Training the frontline staff can head off rogue communications. These people often bear the brunt of a crisis because they deal with the public, but they can also be ambassadors for the company.

When anything happened at Whole Foods, Libba did a team member Q&A for employees to read when they checked in, including questions like “What should I tell customers? What is the issue?”. (Remember: Write everything as if someone could take it to the media.)

You don’t always need to respond.

Sometimes it’s OK to turn down an interview, but you should explain why you’re doing it. Libba once declined an interview from a Mother Jones reporter who she felt hated Whole Foods by telling him, “You never believe what I say and you quote me in a way that’s out of context.”

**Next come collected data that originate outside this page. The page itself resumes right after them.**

(* Let $A\in\mathbb Z^{d\times n}$ with $\ker(A)\cap\mathbb N^n=\{0\}$ and let $B\subseteq\ker(A)$ be any subset. Then $B$ is distance reducing if and only if $B$ reduces the distance of the Graver basis $G(A)$. Similarly, $B$ is strongly distance reducing if and only if $B$ strongly reduces the distance of $G(A)$.
   Context: For $z\in\mathbb Z^n$, $z^\pm\in\mathbb N^n$ are the unique vectors with disjoint supports and $z=z^+-z^-$; $\|\cdot\|$ is the $1$-norm. The Graver basis $G(A)$ is the set of nonzero $z\in\ker(A)$ admitting no decomposition $z=u+v$ with $u,v\in\ker(A)\setminus\{0\}$, $z^+=u^++v^+$, $z^-=u^-+v^-$. For nonzero $z\in\ker(A)$ and $u\in\ker(A)$: $u$ reduces $z$ from $z^+$ if there is $\varepsilon\in\{\pm1\}$ with $z^++\varepsilon u\in\mathbb N^n$ and $\|z^++\varepsilon u-z^-\|<\|z\|$; $u$ reduces $z$ from $z^-$ if there is $\varepsilon$ with $z^-+\varepsilon u\in\mathbb N^n$ and $\|z^+-(z^-+\varepsilon u)\|<\|z\|$. $B$ reduces the distance of $Z$ if every nonzero $z\in Z$ is reduced (from $z^+$ or from $z^-$) by some $u\in B$; $B$ strongly reduces the distance of $Z$ if every nonzero $z\in Z$ is reduced from $z^+$ by some $u\in B$ and from $z^-$ by some (possibly different) $u'\in B$. $B$ is (strongly) distance reducing if it (strongly) reduces the distance of $\ker(A)$. *)

theory Defs
  imports Main "HOL-Library.Function_Algebras"
begin

text \<open>Integer vectors of length n are modelled as functions nat => int that vanish
outside {..<n}; a d x n integer matrix A is a function nat => nat => int with A r i the
entry in row r < d and column i < n.\<close>

definition vecs :: "nat \<Rightarrow> (nat \<Rightarrow> int) set" where
  "vecs n = {z. \<forall>i\<ge>n. z i = 0}"

definition kerA :: "nat \<Rightarrow> nat \<Rightarrow> (nat \<Rightarrow> nat \<Rightarrow> int) \<Rightarrow> (nat \<Rightarrow> int) set" where
  "kerA d n A = {z \<in> vecs n. \<forall>r<d. (\<Sum>i<n. A r i * z i) = 0}"

definition natvec :: "(nat \<Rightarrow> int) \<Rightarrow> bool" where
  "natvec z \<longleftrightarrow> (\<forall>i. 0 \<le> z i)"

definition pospart :: "(nat \<Rightarrow> int) \<Rightarrow> nat \<Rightarrow> int" where
  "pospart z = (\<lambda>i. max (z i) 0)"

definition negpart :: "(nat \<Rightarrow> int) \<Rightarrow> nat \<Rightarrow> int" where
  "negpart z = (\<lambda>i. max (- z i) 0)"

definition norm1 :: "nat \<Rightarrow> (nat \<Rightarrow> int) \<Rightarrow> int" where
  "norm1 n z = (\<Sum>i<n. \<bar>z i\<bar>)"

definition graver :: "nat \<Rightarrow> nat \<Rightarrow> (nat \<Rightarrow> nat \<Rightarrow> int) \<Rightarrow> (nat \<Rightarrow> int) set" where
  "graver d n A = {z \<in> kerA d n A. z \<noteq> 0 \<and>
     \<not> (\<exists>u v. u \<in> kerA d n A \<and> v \<in> kerA d n A \<and> u \<noteq> 0 \<and> v \<noteq> 0 \<and>
          z = u + v \<and> pospart z = pospart u + pospart v \<and> negpart z = negpart u + negpart v)}"

definition reduces_plus :: "nat \<Rightarrow> (nat \<Rightarrow> int) \<Rightarrow> (nat \<Rightarrow> int) \<Rightarrow> bool" where
  "reduces_plus n u z \<longleftrightarrow> (\<exists>\<epsilon>::int. \<epsilon> \<in> {1, -1} \<and>
     natvec (\<lambda>i. pospart z i + \<epsilon> * u i) \<and>
     norm1 n (\<lambda>i. pospart z i + \<epsilon> * u i - negpart z i) < norm1 n z)"

definition reduces_minus :: "nat \<Rightarrow> (nat \<Rightarrow> int) \<Rightarrow> (nat \<Rightarrow> int) \<Rightarrow> bool" where
  "reduces_minus n u z \<longleftrightarrow> (\<exists>\<epsilon>::int. \<epsilon> \<in> {1, -1} \<and>
     natvec (\<lambda>i. negpart z i + \<epsilon> * u i) \<and>
     norm1 n (\<lambda>i. pospart z i - (negpart z i + \<epsilon> * u i)) < norm1 n z)"

definition reduces_distance :: "nat \<Rightarrow> (nat \<Rightarrow> int) set \<Rightarrow> (nat \<Rightarrow> int) set \<Rightarrow> bool" where
  "reduces_distance n B Z \<longleftrightarrow>
     (\<forall>z\<in>Z. z \<noteq> 0 \<longrightarrow> (\<exists>u\<in>B. reduces_plus n u z \<or> reduces_minus n u z))"

definition strongly_reduces_distance :: "nat \<Rightarrow> (nat \<Rightarrow> int) set \<Rightarrow> (nat \<Rightarrow> int) set \<Rightarrow> bool" where
  "strongly_reduces_distance n B Z \<longleftrightarrow>
     (\<forall>z\<in>Z. z \<noteq> 0 \<longrightarrow> (\<exists>u\<in>B. reduces_plus n u z) \<and> (\<exists>u'\<in>B. reduces_minus n u' z))"

end

theory Submission
  imports Defs
begin

text \<open>Every nonzero
kernel element z is conformal above some Graver element: if z is not in the Graver basis, it
splits as a conformal sum u + v of nonzero kernel elements, and u has strictly smaller 1-norm,
so the descent terminates. Reduction is inherited upward along the conformal order: if g is
conformal to z then the positive and negative parts of g are bounded by those of z, so adding
\<epsilon>u keeps the parts of z nonnegative whenever it keeps those of g nonnegative, and
\<parallel>z + w\<parallel> - \<parallel>z\<parallel> \<le> \<parallel>g + w\<parallel> - \<parallel>g\<parallel> because the 1-norm is additive on the
conformal sum z = g + (z - g) and subadditive in general.\<close>

definition conformal :: "(nat \<Rightarrow> int) \<Rightarrow> (nat \<Rightarrow> int) \<Rightarrow> bool" where
  "conformal g z \<longleftrightarrow> (\<forall>i. 0 \<le> g i \<and> g i \<le> z i \<or> z i \<le> g i \<and> g i \<le> 0)"

lemma conformal_refl: "conformal z z"
  by (auto simp: conformal_def)

lemma conformal_trans: "conformal f g \<Longrightarrow> conformal g z \<Longrightarrow> conformal f z"
  unfolding conformal_def by (metis order_trans)

lemma conformal_iff_parts_le:
  "conformal g z \<longleftrightarrow> pospart g \<le> pospart z \<and> negpart g \<le> negpart z"
proof -
  have "(0 \<le> g i \<and> g i \<le> z i \<or> z i \<le> g i \<and> g i \<le> 0) \<longleftrightarrow>
      max (g i) 0 \<le> max (z i) 0 \<and> max (- g i) 0 \<le> max (- z i) 0" for i
    by (auto simp: max_def)
  then show ?thesis
    unfolding conformal_def pospart_def negpart_def le_fun_def by (simp add: all_conj_distrib)
qed

lemma conformal_if_parts_add:
  assumes "pospart z = pospart u + pospart v" and "negpart z = negpart u + negpart v"
  shows "conformal u z"
  unfolding conformal_iff_parts_le assms
  by (auto simp: le_fun_def pospart_def negpart_def)

lemma norm1_conformal_split:
  assumes "conformal g z"
  shows "norm1 n z = norm1 n g + norm1 n (\<lambda>i. z i - g i)"
proof -
  have "\<bar>z i\<bar> = \<bar>g i\<bar> + \<bar>z i - g i\<bar>" for i
    using assms[unfolded conformal_def, rule_format, of i] by linarith
  then show ?thesis
    unfolding norm1_def by (simp add: sum.distrib)
qed

lemma norm1_add_diff_le_conformal:
  assumes "conformal g z"
  shows "norm1 n (\<lambda>i. z i + w i) - norm1 n z \<le> norm1 n (\<lambda>i. g i + w i) - norm1 n g"
proof -
  have "norm1 n (\<lambda>i. z i + w i) \<le> (\<Sum>i<n. \<bar>g i + w i\<bar> + \<bar>z i - g i\<bar>)"
    unfolding norm1_def by (rule sum_mono) linarith
  also have "\<dots> = norm1 n (\<lambda>i. g i + w i) + norm1 n (\<lambda>i. z i - g i)"
    unfolding norm1_def by (simp add: sum.distrib)
  finally show ?thesis
    using norm1_conformal_split[OF assms, of n] by linarith
qed

lemma norm1_nonneg: "0 \<le> norm1 n z"
  unfolding norm1_def by (simp add: sum_nonneg)

lemma norm1_pos:
  assumes "z \<in> vecs n" and "z \<noteq> 0"
  shows "0 < norm1 n z"
proof -
  obtain i where i: "z i \<noteq> 0"
    using assms(2) by (auto simp: fun_eq_iff)
  have "i < n"
  proof (rule ccontr)
    assume "\<not> i < n"
    then show False
      using assms(1) i by (simp add: vecs_def)
  qed
  then have "\<bar>z i\<bar> \<le> norm1 n z"
    unfolding norm1_def by (intro member_le_sum) auto
  with i show ?thesis by linarith
qed

lemma not_graver_conformal_split:
  assumes "z \<in> kerA d n A" "z \<noteq> 0" and "z \<notin> graver d n A"
  shows "\<exists>u\<in>kerA d n A. u \<noteq> 0 \<and> conformal u z \<and> norm1 n u < norm1 n z"
proof -
  obtain u v where u: "u \<in> kerA d n A" "u \<noteq> 0" and v: "v \<in> kerA d n A" "v \<noteq> 0"
    and z_eq: "z = u + v"
    and parts: "pospart z = pospart u + pospart v" "negpart z = negpart u + negpart v"
    using assms by (simp add: graver_def) metis
  have "conformal u z"
    using conformal_if_parts_add[OF parts] .
  moreover have "norm1 n z = norm1 n u + norm1 n v"
    using norm1_conformal_split[OF \<open>conformal u z\<close>, of n] by (simp add: z_eq)
  moreover have "0 < norm1 n v"
    using v unfolding kerA_def by (blast intro: norm1_pos)
  ultimately show ?thesis
    using u by auto
qed

lemma graver_conformal_below:
  assumes "z \<in> kerA d n A" and "z \<noteq> 0"
  shows "\<exists>g\<in>graver d n A. conformal g z"
  using assms
proof (induction "nat (norm1 n z)" arbitrary: z rule: less_induct)
  case less
  show ?case
  proof (cases "z \<in> graver d n A")
    case True
    then show ?thesis
      using conformal_refl by blast
  next
    case False
    then obtain u where u: "u \<in> kerA d n A" "u \<noteq> 0" "conformal u z" "norm1 n u < norm1 n z"
      using not_graver_conformal_split less.prems by blast
    then have "nat (norm1 n u) < nat (norm1 n z)"
      using norm1_nonneg[of n u] by linarith
    then obtain g where "g \<in> graver d n A" "conformal g u"
      using less.hyps u(1,2) by blast
    then show ?thesis
      using conformal_trans u(3) by blast
  qed
qed

lemma reduces_plus_iff:
  "reduces_plus n u z \<longleftrightarrow> (\<exists>\<epsilon>::int. \<epsilon> \<in> {1, -1} \<and>
     natvec (\<lambda>i. pospart z i + \<epsilon> * u i) \<and> norm1 n (\<lambda>i. z i + \<epsilon> * u i) < norm1 n z)"
proof -
  have "(\<lambda>i. pospart z i + w i - negpart z i) = (\<lambda>i. z i + w i)" for w
    by (auto simp: fun_eq_iff pospart_def negpart_def max_def)
  then show ?thesis
    unfolding reduces_plus_def by simp
qed

lemma reduces_minus_iff:
  "reduces_minus n u z \<longleftrightarrow> (\<exists>\<epsilon>::int. \<epsilon> \<in> {1, -1} \<and>
     natvec (\<lambda>i. negpart z i + \<epsilon> * u i) \<and> norm1 n (\<lambda>i. z i + - (\<epsilon> * u i)) < norm1 n z)"
proof -
  have "(\<lambda>i. pospart z i - (negpart z i + w i)) = (\<lambda>i. z i + - w i)" for w
    by (auto simp: fun_eq_iff pospart_def negpart_def max_def)
  then show ?thesis
    unfolding reduces_minus_def by simp
qed

lemma natvec_add_mono: "natvec (\<lambda>i. x i + w i) \<Longrightarrow> x \<le> y \<Longrightarrow> natvec (\<lambda>i. y i + w i)"
  unfolding natvec_def le_fun_def by (metis add_right_mono order_trans)

lemma reduces_plus_conformal_mono:
  assumes "conformal g z" and "reduces_plus n u g"
  shows "reduces_plus n u z"
proof -
  obtain \<epsilon> :: int where \<epsilon>: "\<epsilon> \<in> {1, -1}" "natvec (\<lambda>i. pospart g i + \<epsilon> * u i)"
    "norm1 n (\<lambda>i. g i + \<epsilon> * u i) < norm1 n g"
    using assms(2) unfolding reduces_plus_iff by blast
  have "natvec (\<lambda>i. pospart z i + \<epsilon> * u i)"
    using natvec_add_mono[OF \<epsilon>(2)] assms(1) unfolding conformal_iff_parts_le by blast
  moreover have "norm1 n (\<lambda>i. z i + \<epsilon> * u i) < norm1 n z"
    using norm1_add_diff_le_conformal[OF assms(1), of n "\<lambda>i. \<epsilon> * u i"] \<epsilon>(3) by linarith
  ultimately show ?thesis
    using \<epsilon>(1) unfolding reduces_plus_iff by blast
qed

lemma reduces_minus_conformal_mono:
  assumes "conformal g z" and "reduces_minus n u g"
  shows "reduces_minus n u z"
proof -
  obtain \<epsilon> :: int where \<epsilon>: "\<epsilon> \<in> {1, -1}" "natvec (\<lambda>i. negpart g i + \<epsilon> * u i)"
    "norm1 n (\<lambda>i. g i + - (\<epsilon> * u i)) < norm1 n g"
    using assms(2) unfolding reduces_minus_iff by blast
  have "natvec (\<lambda>i. negpart z i + \<epsilon> * u i)"
    using natvec_add_mono[OF \<epsilon>(2)] assms(1) unfolding conformal_iff_parts_le by blast
  moreover have "norm1 n (\<lambda>i. z i + - (\<epsilon> * u i)) < norm1 n z"
    using norm1_add_diff_le_conformal[OF assms(1), of n "\<lambda>i. - (\<epsilon> * u i)"] \<epsilon>(3) by linarith
  ultimately show ?thesis
    using \<epsilon>(1) unfolding reduces_minus_iff by blast
qed

lemma graver_subset_kerA: "graver d n A \<subseteq> kerA d n A"
  unfolding graver_def by blast

lemma zero_notin_graver: "0 \<notin> graver d n A"
  unfolding graver_def by blast

lemma reduces_distance_subset:
  "Z' \<subseteq> Z \<Longrightarrow> reduces_distance n B Z \<Longrightarrow> reduces_distance n B Z'"
  unfolding reduces_distance_def by blast

lemma strongly_reduces_distance_subset:
  "Z' \<subseteq> Z \<Longrightarrow> strongly_reduces_distance n B Z \<Longrightarrow> strongly_reduces_distance n B Z'"
  unfolding strongly_reduces_distance_def by blast

lemma reduces_distance_kerA_if_graver:
  assumes "reduces_distance n B (graver d n A)"
  shows "reduces_distance n B (kerA d n A)"
  unfolding reduces_distance_def
proof (intro ballI impI)
  fix z assume "z \<in> kerA d n A" "z \<noteq> 0"
  then obtain g where g: "g \<in> graver d n A" "conformal g z"
    using graver_conformal_below by blast
  then obtain u where "u \<in> B" "reduces_plus n u g \<or> reduces_minus n u g"
    using assms zero_notin_graver unfolding reduces_distance_def by metis
  then show "\<exists>u\<in>B. reduces_plus n u z \<or> reduces_minus n u z"
    using g(2) reduces_plus_conformal_mono reduces_minus_conformal_mono by blast
qed

lemma strongly_reduces_distance_kerA_if_graver:
  assumes "strongly_reduces_distance n B (graver d n A)"
  shows "strongly_reduces_distance n B (kerA d n A)"
  unfolding strongly_reduces_distance_def
proof (intro ballI impI)
  fix z assume "z \<in> kerA d n A" "z \<noteq> 0"
  then obtain g where g: "g \<in> graver d n A" "conformal g z"
    using graver_conformal_below by blast
  then obtain u u' where "u \<in> B" "reduces_plus n u g" "u' \<in> B" "reduces_minus n u' g"
    using assms zero_notin_graver unfolding strongly_reduces_distance_def by metis
  then show "(\<exists>u\<in>B. reduces_plus n u z) \<and> (\<exists>u'\<in>B. reduces_minus n u' z)"
    using g(2) reduces_plus_conformal_mono reduces_minus_conformal_mono by blast
qed

theorem theorem7p4:
  fixes d n :: nat and A :: "nat \<Rightarrow> nat \<Rightarrow> int" and B :: "(nat \<Rightarrow> int) set"
  assumes pointed: "\<forall>z\<in>kerA d n A. natvec z \<longrightarrow> z = 0"
    and B: "B \<subseteq> kerA d n A"
  shows "(reduces_distance n B (kerA d n A) \<longleftrightarrow> reduces_distance n B (graver d n A))
       \<and> (strongly_reduces_distance n B (kerA d n A) \<longleftrightarrow> strongly_reduces_distance n B (graver d n A))"
proof (intro conjI iffI)
  show "reduces_distance n B (kerA d n A)" if "reduces_distance n B (graver d n A)"
    using reduces_distance_kerA_if_graver[OF that] .
  show "reduces_distance n B (graver d n A)" if "reduces_distance n B (kerA d n A)"
    using reduces_distance_subset[OF graver_subset_kerA that] .
  show "strongly_reduces_distance n B (kerA d n A)" if "strongly_reduces_distance n B (graver d n A)"
    using strongly_reduces_distance_kerA_if_graver[OF that] .
  show "strongly_reduces_distance n B (graver d n A)" if "strongly_reduces_distance n B (kerA d n A)"
    using strongly_reduces_distance_subset[OF graver_subset_kerA that] .
qed

end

Sometimes you need to apologize.

People are trained not to apologize, but sometimes you need to. When an executive balks at admitting a problem, hold up United Airlines as an example of what happens when a company waits too long. Remind them who your audience is.

However, you must apologize in a real way. Express regret for people’s suffering, and say what you’re going to do to fix it. (Did you know there’s a science to apologizing? Here’s just one article about it.)

Sometimes you need to stand your ground.

Although a crisis can make big companies look like a bully vs. the little guy, there are times when you need to come back strong instead of just getting punched. Remember the accusation about a Whole Foods’ cake hoax? The company’s statement vehemently denied the charge. (They were also lucky that they had a video.)

With media crises, Libba said, it’s not “if” but “when.” Adding crisis management to your freelancer toolkit can add real value for your clients. Things may get rough, Libba said, but you just deal with it. Things will get better.
However, you might want to find out whether the CEO is a hiker. Just in case.